Quais são os componentes da engenharia genética?

A engenharia genética é um ramo da ciência que lida com a modificação direta ou alteração da composição genética de um organismo vivo para expressar características não naturais, mas desejáveis. Na modificação genética, geralmente usa DNA e certas transformações gênicas para criar novas variações genéticas. Quais são alguns dos componentes dessa engenharia genética?

O princípio básico da tecnologia de engenharia genética é manipular ou alterar a composição de ácido nucleico do DNA ou inserir novos genes na estrutura do DNA do organismo receptor. Existem vários componentes principais usados ​​em técnicas de engenharia genética, incluindo enzimas, vetores de clonagem e células hospedeiras competentes.

Enzima

Na engenharia genética, são usados ​​2 tipos de enzimas, a saber, endonuclease de restrição e enzimas ligase. Endonucleases de restrição funcionam para quebrar ligações de açúcar de fosfato de DNA e cortar nucleotídeos específicos no DNA.

Portanto, as enzimas de restrição são conhecidas como “tesouras moleculares”. Enquanto isso, DNA ligase é uma enzima que funciona para conectar fragmentos de DNA, formando ligações diéster entre dois nucleotídeos.

Vetor de clonagem

O vetor de clonagem é um componente do portador do gene que será inserido na célula hospedeira. Um ventor de clonagem deve ter uma origem de replicação (ORI) que marca o início da replicação do DNA, um marcador selecionável que ajuda a identificar a célula a ser convertida da célula original e um local de restrição ou área de clonagem. é uma sequência típica de DNA que a enzima de restrição reconhecerá.

(Leia também: Engenharia Genética e Exemplos)

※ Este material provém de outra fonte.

(* Let $\lambda\in\Pi(\mu_1,\ldots,\mu_N)$ and let $\lambda_j=\pi_{\mathcal{P}_j}\#\lambda$ for $j\in\{1,\dots,N\}$. If $\lambda$ is an extreme point of $\Pi(\lambda_{N-1},\mu_N)$ and, for every $j\in\{2,\ldots,N-1\}$, $\lambda_j$ is an extreme point of $\Pi(\lambda_{j-1},\mu_j)$, then $\lambda$ is an extreme point of $\Pi(\mu_1,\ldots,\mu_N)$.
   Context: $N\ge3$; $\mu_k$ are Borel probability measures on complete separable metric spaces $X_k$, $k=1,\dots,N$. $\Pi(\mu_1,\ldots,\mu_N)$ is the convex set of Borel probability measures on $\prod_{k=1}^NX_k$ with $k$-th marginal $\mu_k$. For $j\in\{1,\dots,N\}$, $\pi_{\mathcal{P}_j}:\prod_{k=1}^NX_k\to\prod_{k=1}^jX_k$ is the projection onto the first $j$ coordinates (so $\lambda_1=\mu_1$, $\lambda_N=\lambda$). Writing $\prod_{k=1}^jX_k=Z_j\times X_j$ with $Z_j=\prod_{k=1}^{j-1}X_k$, $\Pi(\lambda_{j-1},\mu_j)$ denotes the set of Borel probability measures on $Z_j\times X_j$ with marginals $\lambda_{j-1}$ on $Z_j$ and $\mu_j$ on $X_j$. An extreme point of a convex set $K$ is a point not expressible as $t\alpha+(1-t)\beta$ with $\alpha\neq\beta$ in $K$, $t\in(0,1)$. *)

theory Defs
  imports "HOL-Analysis.Analysis" "HOL-Probability.Probability"
begin

definition borel_of :: "'a topology \<Rightarrow> 'a measure" where
  "borel_of T = sigma (topspace T) {U. openin T U}"

definition polish_metric :: "'a metric \<Rightarrow> bool" where
  "polish_metric m \<longleftrightarrow> mcomplete_of m \<and> separable_space (mtopology_of m)"

definition Xsp :: "('i \<Rightarrow> 'a metric) \<Rightarrow> 'i \<Rightarrow> 'a measure" where
  "Xsp X k = borel_of (mtopology_of (X k))"

definition couplings :: "(nat \<Rightarrow> 'a metric) \<Rightarrow> nat \<Rightarrow> (nat \<Rightarrow> 'a measure) \<Rightarrow> (nat \<Rightarrow> 'a) measure set" where
  "couplings X N mu = {P. prob_space P \<and> sets P = sets (PiM {1..N} (Xsp X)) \<and>
      (\<forall>k\<in>{1..N}. distr P (Xsp X k) (\<lambda>x. x k) = mu k)}"

definition proj_first :: "nat \<Rightarrow> (nat \<Rightarrow> 'a) \<Rightarrow> (nat \<Rightarrow> 'a)" where
  "proj_first j x = restrict x {1..j}"

text \<open>Pi(nu, mu_j): Borel probability measures on Z_j x X_j = prod_{k in {1..j}} X_k
  with marginal nu on Z_j = prod_{k in {1..j-1}} X_k and marginal m on X_j.\<close>
definition couplings2 :: "(nat \<Rightarrow> 'a metric) \<Rightarrow> nat \<Rightarrow> (nat \<Rightarrow> 'a) measure \<Rightarrow> 'a measure \<Rightarrow> (nat \<Rightarrow> 'a) measure set" where
  "couplings2 X j nu m = {P. prob_space P \<and> sets P = sets (PiM {1..j} (Xsp X)) \<and>
      distr P (PiM {1..j-1} (Xsp X)) (proj_first (j-1)) = nu \<and>
      distr P (Xsp X j) (\<lambda>x. x j) = m}"

definition mix_measure :: "real \<Rightarrow> 'b measure \<Rightarrow> 'b measure \<Rightarrow> 'b measure" where
  "mix_measure t a b = measure_of (space a) (sets a)
      (\<lambda>A. ennreal t * emeasure a A + ennreal (1 - t) * emeasure b A)"

definition is_extreme_point :: "'b measure set \<Rightarrow> 'b measure \<Rightarrow> bool" where
  "is_extreme_point KK nu \<longleftrightarrow> nu \<in> KK \<and>
     \<not> (\<exists>al\<in>KK. \<exists>be\<in>KK. \<exists>t. 0 < (t::real) \<and> t < 1 \<and> al \<noteq> be \<and> nu = mix_measure t al be)"

end

theory Submission
  imports Defs
begin

text \<open>If \<open>\<lambda> = t \<alpha> + (1 - t) \<beta>\<close> with \<open>\<alpha>, \<beta> \<in> \<Pi>(\<mu>\<^sub>1, \<dots>, \<mu>\<^sub>N)\<close>, then the projections
  \<open>\<alpha>\<^sub>j, \<beta>\<^sub>j\<close> onto the first \<open>j\<close> coordinates satisfy \<open>\<lambda>\<^sub>j = t \<alpha>\<^sub>j + (1 - t) \<beta>\<^sub>j\<close>. By induction
  on \<open>j\<close> they all coincide with \<open>\<lambda>\<^sub>j\<close>: for \<open>j = 1\<close> each of them is \<open>\<mu>\<^sub>1\<close>, and if
  \<open>\<alpha>\<^sub>j\<^sub>-\<^sub>1 = \<beta>\<^sub>j\<^sub>-\<^sub>1 = \<lambda>\<^sub>j\<^sub>-\<^sub>1\<close>, then \<open>\<alpha>\<^sub>j, \<beta>\<^sub>j \<in> \<Pi>(\<lambda>\<^sub>j\<^sub>-\<^sub>1, \<mu>\<^sub>j)\<close>, so extremality of \<open>\<lambda>\<^sub>j\<close> there forces
  \<open>\<alpha>\<^sub>j = \<beta>\<^sub>j = \<lambda>\<^sub>j\<close>. At \<open>j = N - 1\<close> this puts \<open>\<alpha>\<close> and \<open>\<beta>\<close> themselves into \<open>\<Pi>(\<lambda>\<^sub>N\<^sub>-\<^sub>1, \<mu>\<^sub>N)\<close>,
  where \<open>\<lambda>\<close> is extreme, hence \<open>\<alpha> = \<beta>\<close>.\<close>

lemma space_mix_measure [simp]: "space (mix_measure t a b) = space a"
  by (simp add: mix_measure_def)

lemma sets_mix_measure [simp]: "sets (mix_measure t a b) = sets a"
  by (simp add: mix_measure_def)

lemma emeasure_mix_measure:
  assumes "sets b = sets a"
  shows "emeasure (mix_measure t a b) A = ennreal t * emeasure a A + ennreal (1 - t) * emeasure b A"
    (is "_ = ?\<mu> A")
proof (cases "A \<in> sets a")
  case True
  show ?thesis unfolding mix_measure_def
  proof (rule emeasure_measure_of_sigma)
    show "sigma_algebra (space a) (sets a)" ..
    show "positive (sets a) ?\<mu>" by (simp add: positive_def)
    show "countably_additive (sets a) ?\<mu>"
    proof (rule countably_additiveI)
      fix A :: "nat \<Rightarrow> _"
      assume A: "range A \<subseteq> sets a" "disjoint_family A"
      have "(\<Sum>i. ?\<mu> (A i)) =
          ennreal t * (\<Sum>i. emeasure a (A i)) + ennreal (1 - t) * (\<Sum>i. emeasure b (A i))"
        by (simp add: suminf_add[symmetric])
      also have "\<dots> = ?\<mu> (\<Union>i. A i)" using A assms by (simp add: suminf_emeasure)
      finally show "(\<Sum>i. ?\<mu> (A i)) = ?\<mu> (\<Union>i. A i)" .
    qed
  qed (fact True)
next
  case False
  then show ?thesis using assms by (simp add: emeasure_notin_sets)
qed

lemma mix_measure_same:
  assumes "0 \<le> t" "t \<le> 1"
  shows "mix_measure t a a = a"
proof (rule measure_eqI)
  fix A
  have "ennreal t * emeasure a A + ennreal (1 - t) * emeasure a A =
      (ennreal t + ennreal (1 - t)) * emeasure a A"
    by (simp add: distrib_right)
  also have "ennreal t + ennreal (1 - t) = 1" using assms by (simp add: ennreal_plus[symmetric])
  finally show "emeasure (mix_measure t a a) A = emeasure a A" by (simp add: emeasure_mix_measure)
qed simp

lemma distr_mix_measure:
  assumes f: "f \<in> measurable a M" and sets_eq: "sets b = sets a"
  shows "distr (mix_measure t a b) M f = mix_measure t (distr a M f) (distr b M f)"
proof (rule measure_eqI)
  fix A assume "A \<in> sets (distr (mix_measure t a b) M f)"
  moreover have "f \<in> measurable (mix_measure t a b) M"
    using f measurable_cong_sets[of "mix_measure t a b" a M M] by simp
  moreover have "f \<in> measurable b M" using f measurable_cong_sets[OF sets_eq refl] by metis
  moreover have "space b = space a" using sets_eq by (rule sets_eq_imp_space_eq)
  ultimately show "emeasure (distr (mix_measure t a b) M f) A =
      emeasure (mix_measure t (distr a M f) (distr b M f)) A"
    using f sets_eq by (simp add: emeasure_distr emeasure_mix_measure)
qed simp

lemma extreme_point_mix_eq:
  assumes "is_extreme_point K \<nu>" "a \<in> K" "b \<in> K" "0 < t" "t < 1" "\<nu> = mix_measure t a b"
  shows "a = b"
  using assms unfolding is_extreme_point_def by blast

lemma extreme_point_mix_eq_point:
  assumes "is_extreme_point K \<nu>" "a \<in> K" "b \<in> K" "0 < t" "t < 1" "\<nu> = mix_measure t a b"
  shows "a = \<nu>" "b = \<nu>"
  using extreme_point_mix_eq[OF assms] assms(4-6) by (simp_all add: mix_measure_same)

lemma proj_first_proj_first: "i \<le> j \<Longrightarrow> proj_first i (proj_first j x) = proj_first i x"
  unfolding proj_first_def by (auto simp: restrict_def)

lemma measurable_proj_first:
  assumes "sets P = sets (PiM {1..N} M)" "j \<le> N"
  shows "proj_first j \<in> measurable P (PiM {1..j} M)"
proof -
  have "(\<lambda>f. restrict f {1..j}) \<in> measurable (PiM {1..N} M) (PiM {1..j} M)"
    using assms(2) by (intro measurable_restrict_subset) auto
  then show ?thesis unfolding proj_first_def using measurable_cong_sets[OF assms(1) refl] by metis
qed

lemma measurable_coordinate:
  assumes "sets P = sets (PiM {1..N} M)" "k \<in> {1..N}"
  shows "(\<lambda>x. x k) \<in> measurable P (M k)"
  using measurable_cong_sets[OF assms(1) refl] measurable_component_singleton[OF assms(2), of M]
  by auto

lemma distr_proj_first_self:
  assumes "sets P = sets (PiM {1..N} M)"
  shows "distr P (PiM {1..N} M) (proj_first N) = P"
proof -
  have "distr P (PiM {1..N} M) (proj_first N) = distr P P (\<lambda>x. x)"
  proof (rule distr_cong_AE)
    show "AE x in P. proj_first N x = x"
    proof (rule AE_I2)
      fix x assume "x \<in> space P"
      then have "x \<in> space (PiM {1..N} M)" using sets_eq_imp_space_eq[OF assms] by simp
      then show "proj_first N x = x"
        by (auto simp: proj_first_def space_PiM PiE_def extensional_def restrict_def)
    qed
  qed (use measurable_proj_first[OF assms order_refl] in \<open>auto simp: assms\<close>)
  then show ?thesis by simp
qed

lemma distr_proj_first_one:
  assumes "sets P = sets (PiM {1..N} M)" "1 \<le> N"
  shows "distr P (PiM {1..1} M) (proj_first 1) =
    distr (distr P (M 1) (\<lambda>x. x 1)) (PiM {1..1} M) (\<lambda>y. \<lambda>k\<in>{1..1}. y)"
proof -
  have "(\<lambda>x. x 1) \<in> measurable P (M 1)"
    using measurable_coordinate[OF assms(1)] assms(2) by simp
  moreover have "(\<lambda>y. \<lambda>k\<in>{1..1}. y) \<in> measurable (M 1) (PiM {1..1} M)"
    by (rule measurable_restrict) auto
  moreover have "(\<lambda>y. \<lambda>k\<in>{1..1}. y) \<circ> (\<lambda>x. x 1) = proj_first 1"
    by (rule ext) (auto simp: proj_first_def restrict_def)
  ultimately show ?thesis by (metis distr_distr)
qed

lemma distr_proj_first_in_couplings2:
  assumes P: "P \<in> couplings X N mu" and j: "1 \<le> j" "j \<le> N"
  shows "distr P (PiM {1..j} (Xsp X)) (proj_first j) \<in>
    couplings2 X j (distr P (PiM {1..j-1} (Xsp X)) (proj_first (j-1))) (mu j)"
proof -
  have sets_P: "sets P = sets (PiM {1..N} (Xsp X))"
    using P by (simp add: couplings_def)
  have pj: "proj_first j \<in> measurable P (PiM {1..j} (Xsp X))"
    using measurable_proj_first[OF sets_P j(2)] .
  have "distr (distr P (PiM {1..j} (Xsp X)) (proj_first j)) (PiM {1..j-1} (Xsp X)) (proj_first (j-1))
      = distr P (PiM {1..j-1} (Xsp X)) (proj_first (j-1) \<circ> proj_first j)"
    by (rule distr_distr[OF measurable_proj_first[OF refl] pj]) simp
  also have "proj_first (j-1) \<circ> proj_first j = proj_first (j-1)"
    by (rule ext) (simp add: proj_first_proj_first)
  finally have marginal_first: "distr (distr P (PiM {1..j} (Xsp X)) (proj_first j))
      (PiM {1..j-1} (Xsp X)) (proj_first (j-1)) = distr P (PiM {1..j-1} (Xsp X)) (proj_first (j-1))" .
  have "distr (distr P (PiM {1..j} (Xsp X)) (proj_first j)) (Xsp X j) (\<lambda>x. x j)
      = distr P (Xsp X j) ((\<lambda>x. x j) \<circ> proj_first j)"
    using j by (intro distr_distr[OF measurable_coordinate[OF refl] pj]) simp
  also have "(\<lambda>x. x j) \<circ> proj_first j = (\<lambda>x. x j)"
    using j by (auto simp: proj_first_def)
  finally have marginal_last: "distr (distr P (PiM {1..j} (Xsp X)) (proj_first j)) (Xsp X j) (\<lambda>x. x j) = mu j"
    using P j by (simp add: couplings_def)
  have "prob_space (distr P (PiM {1..j} (Xsp X)) (proj_first j))"
    using P pj by (simp add: couplings_def prob_space.prob_space_distr)
  then show ?thesis using marginal_first marginal_last by (simp add: couplings2_def)
qed

lemma couplings_in_couplings2:
  assumes "P \<in> couplings X N mu" "1 \<le> N"
  shows "P \<in> couplings2 X N (distr P (PiM {1..N-1} (Xsp X)) (proj_first (N-1))) (mu N)"
  using distr_proj_first_in_couplings2[OF assms order_refl] assms(1)
    distr_proj_first_self[of P N "Xsp X"]
  by (simp add: couplings_def)

lemma proj_first_eq_of_mix_couplings:
  fixes X :: "nat \<Rightarrow> 'a metric"
  assumes al: "al \<in> couplings X N mu" and be: "be \<in> couplings X N mu"
    and t: "0 < t" "t < 1" and lam: "lam = mix_measure t al be"
    and extreme: "\<forall>j\<in>{2..m}. is_extreme_point
           (couplings2 X j (distr lam (PiM {1..j-1} (Xsp X)) (proj_first (j-1))) (mu j))
           (distr lam (PiM {1..j} (Xsp X)) (proj_first j))"
    and j: "1 \<le> j" "j \<le> m" and m: "m \<le> N"
  shows "distr al (PiM {1..j} (Xsp X)) (proj_first j) = distr lam (PiM {1..j} (Xsp X)) (proj_first j) \<and>
    distr be (PiM {1..j} (Xsp X)) (proj_first j) = distr lam (PiM {1..j} (Xsp X)) (proj_first j)"
proof -
  let ?pr = "\<lambda>P k. distr P (PiM {1..k} (Xsp X)) (proj_first k)"
  have sets_al: "sets al = sets (PiM {1..N} (Xsp X))" and sets_be: "sets be = sets al"
    using al be by (simp_all add: couplings_def)
  have lam_proj: "?pr lam k = mix_measure t (?pr al k) (?pr be k)" if "k \<le> N" for k
    unfolding lam using that by (intro distr_mix_measure[OF measurable_proj_first[OF sets_al] sets_be])
  from j show ?thesis
  proof (induction j rule: dec_induct)
    case base
    have "distr al (Xsp X 1) (\<lambda>x. x 1) = distr be (Xsp X 1) (\<lambda>x. x 1)"
      using al be j m by (simp add: couplings_def)
    then have "?pr al 1 = ?pr be 1"
      using al be j m distr_proj_first_one[of al N "Xsp X"] distr_proj_first_one[of be N "Xsp X"]
      by (simp only: couplings_def mem_Collect_eq)
    then show ?case using lam_proj[of 1] t j m by (simp add: mix_measure_same)
  next
    case (step i)
    have in_K: "?pr al (Suc i) \<in> couplings2 X (Suc i) (?pr lam i) (mu (Suc i))"
      "?pr be (Suc i) \<in> couplings2 X (Suc i) (?pr lam i) (mu (Suc i))"
      using distr_proj_first_in_couplings2[OF al, of "Suc i"]
        distr_proj_first_in_couplings2[OF be, of "Suc i"] step m by auto
    have "is_extreme_point (couplings2 X (Suc i) (?pr lam i) (mu (Suc i))) (?pr lam (Suc i))"
    proof -
      have "Suc i \<in> {2..m}" using step by simp
      from bspec[OF extreme this] show ?thesis by simp
    qed
    from extreme_point_mix_eq_point[OF this in_K t lam_proj] show ?case using step m by simp
  qed
qed

theorem mainTheorem3:
  fixes X :: "nat \<Rightarrow> 'a metric" and mu :: "nat \<Rightarrow> 'a measure"
    and N :: nat and lam :: "(nat \<Rightarrow> 'a) measure"
  assumes "N \<ge> 3"
    and "\<forall>k\<in>{1..N}. polish_metric (X k)"
    and "\<forall>k\<in>{1..N}. prob_space (mu k) \<and> sets (mu k) = sets (Xsp X k)"
    and "lam \<in> couplings X N mu"
    and "is_extreme_point
           (couplings2 X N (distr lam (PiM {1..N-1} (Xsp X)) (proj_first (N-1))) (mu N)) lam"
    and "\<forall>j\<in>{2..N-1}. is_extreme_point
           (couplings2 X j (distr lam (PiM {1..j-1} (Xsp X)) (proj_first (j-1))) (mu j))
           (distr lam (PiM {1..j} (Xsp X)) (proj_first j))"
  shows "is_extreme_point (couplings X N mu) lam"
  unfolding is_extreme_point_def
proof (intro conjI notI)
  show "lam \<in> couplings X N mu" by fact
next
  assume "\<exists>al\<in>couplings X N mu. \<exists>be\<in>couplings X N mu.
    \<exists>t. 0 < t \<and> t < 1 \<and> al \<noteq> be \<and> lam = mix_measure t al be"
  then obtain al be t where al: "al \<in> couplings X N mu" and be: "be \<in> couplings X N mu"
    and t: "0 < t" "t < 1" and "al \<noteq> be" and lam: "lam = mix_measure t al be"
    by blast
  have "distr al (PiM {1..N-1} (Xsp X)) (proj_first (N-1)) = distr lam (PiM {1..N-1} (Xsp X)) (proj_first (N-1))"
    "distr be (PiM {1..N-1} (Xsp X)) (proj_first (N-1)) = distr lam (PiM {1..N-1} (Xsp X)) (proj_first (N-1))"
    using proj_first_eq_of_mix_couplings[OF al be t lam assms(6), of "N-1"] assms(1) by auto
  then have "al \<in> couplings2 X N (distr lam (PiM {1..N-1} (Xsp X)) (proj_first (N-1))) (mu N)"
    "be \<in> couplings2 X N (distr lam (PiM {1..N-1} (Xsp X)) (proj_first (N-1))) (mu N)"
    using couplings_in_couplings2[OF al] couplings_in_couplings2[OF be] assms(1) by auto
  with extreme_point_mix_eq[OF assms(5) _ _ t lam] show False using \<open>al \<noteq> be\<close> by blast
qed

end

Um vetor de clonagem tem mais de um sítio de restrição. Alguns dos locais de restrição para algumas enzimas endonucleases no vetor são chamados de poliligantes. Existem vários tipos conhecidos de vetores de clonagem, nomeadamente plasmídeos, bacteriófagos, cosmídeos, vetores, YAC, vírus de animais e vírus de plantas.

• Plasmídeos são vetores de clonagem usados ​​com mais frequência no processo de clonagem de bactérias. Os plasmídeos são DNA extracromossômico que geralmente tem forma circular, e esses plasmídeos são encontrados em células bacterianas. As bactérias têm a capacidade de se dividir rapidamente, então os plasmídeos são freqüentemente usados ​​como vetores para transportar genes para produzir um produto específico em um tempo rápido.
• Bacteriófago é um vírus que infecta bactérias inserindo seu DNA na bactéria hospedeira. O DNA viral pode ser manipulado inserindo um gene estranho e, em seguida, inserindo-o na bactéria. Os bacteriófagos desenvolvidos para vetores de clonagem são os bacteriófagos lambda e M13.
• Cosmide, é uma combinação de várias partes do vetor plasmídeo e do local COS do lambda bacteriogaf. O cosmídeo permite que o DNA alvo entre na cabeça do lambda. A vantagem de usar cosmídeos é seu alto nível de eficiência de transformação e pode transportar 45kb de DNA estranho.
• O vetor YAC é um vetor desenvolvido para clonar segmentos muito grandes de DNA.
• Vírus animal, DNA de vírus animal pode ser manipulado para inserir DNA estranho em células animais cultivadas. Por exemplo, vírus Simian 40 (SV 40), Adenovírus e vírus do papiloma.
• Vírus de plantas, esses vírus podem ser manipulados para inserir DNA estranho em células de plantas. Por exemplo, vírus do mosaico do tabaco (TMV) e vírus do mosaico da couve-flor (CaMV).

Célula Hospedeira Competente

A célula hospedeira competente funciona para reproduzir mocélulas de DNA recombinante que são geneticamente modificadas. Algumas das células hospedeiras que podem ser usadas são bactérias, leveduras, células vegetais e animais. O tipo de bactéria mais usado é a E-coli porque é fácil de crescer e controlar, pode aceitar uma variedade de vetores e se dividir rapidamente.

Além disso, as células competentes são células capazes e prontas para aceitar DNA estranho. Onde, essas células são normalmente feitas usando um tampão CCMB80 contendo um sal de cátion divalente, nomeadamente CaCl2. Este sal funciona para alterar a carga na membrana celular de modo que a célula bacteriana não seja seletiva contra moléculas estranhas, incluindo vetores de plasmídeo. Além disso, quando o método de choque térmico é usado com uma temperatura de aproximadamente 420 ° C, o DNA estranho pode entrar na célula hospedeira.